Stored data:
*** Block opens ***

lemma Cons_in_langD:
  assumes "x # v \<in> lang q"
  shows "top_reachable q \<or> (\<exists>p0\<in>eps_closure q. \<exists>p'. (p0, Some x, p') \<in> T \<and> v \<in> lang p')"
proof -
  from assms consider r where "steps T q (x # v) r" "f r = F1"
    | v0 u r where "x # v = v0 @ u" "steps T q v0 r" "f r = FTop"
    unfolding lang_def by blast
  then show ?thesis
  proof cases
    case 1
    then show ?thesis unfolding steps_Cons_iff eps_closure_def lang_def by blast
  next
    case (2 v0 u r)
    show ?thesis
    proof (cases v0)
      case Nil
      then show ?thesis using 2 unfolding top_reachable_def eps_closure_def by auto
    next
      case (Cons y v1)
      then have "v = v1 @ u" "steps T q (x # v1) r" using 2 by auto
      then show ?thesis unfolding steps_Cons_iff eps_closure_def lang_def using 2 by blast
    qed
  qed
qed

lemma Cons_in_langI:
  assumes p0: "p0 \<in> eps_closure q" and tr: "(p0, Some x, p') \<in> T" and v: "v \<in> lang p'"
  shows "x # v \<in> lang q"
proof -
  have step: "steps T q (x # v0) r" if "steps T p' v0 r" for v0 r
    using p0 tr that unfolding eps_closure_def steps_Cons_iff by blast
  from v consider r where "steps T p' v r" "f r = F1"
    | v0 u r where "v = v0 @ u" "steps T p' v0 r" "f r = FTop"
    unfolding lang_def by blast
  then show ?thesis
  proof cases
    case 1
    then show ?thesis unfolding lang_def using step by blast
  next
    case (2 v0 u r)
    then show ?thesis unfolding lang_def using step[OF 2(2)]
      by (intro CollectI disjI2 exI[of _ "x # v0"] exI[of _ u] exI[of _ r]) simp
  qed
qed

lemma Cons_in_lang_iff:
  "x # v \<in> lang q \<longleftrightarrow>
     top_reachable q \<or> (\<exists>p0\<in>eps_closure q. \<exists>p'. (p0, Some x, p') \<in> T \<and> v \<in> lang p')"
  using Cons_in_langD Cons_in_langI lang_top by blast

*** Block closes ***

(TRY IT)
Above are the records. Copy the lines beginning at the one that has "using 2 by auto" and ending with the one that has "T q (x # v0)", unchanged.

(TASK SOLUTION)
      then have "v = v1 @ u" "steps T q (x # v1) r" using 2 by auto
      then show ?thesis unfolding steps_Cons_iff eps_closure_def lang_def using 2 by blast
    qed
  qed
qed

lemma Cons_in_langI:
  assumes p0: "p0 \<in> eps_closure q" and tr: "(p0, Some x, p') \<in> T" and v: "v \<in> lang p'"
  shows "x # v \<in> lang q"
proof -
  have step: "steps T q (x # v0) r" if "steps T p' v0 r" for v0 r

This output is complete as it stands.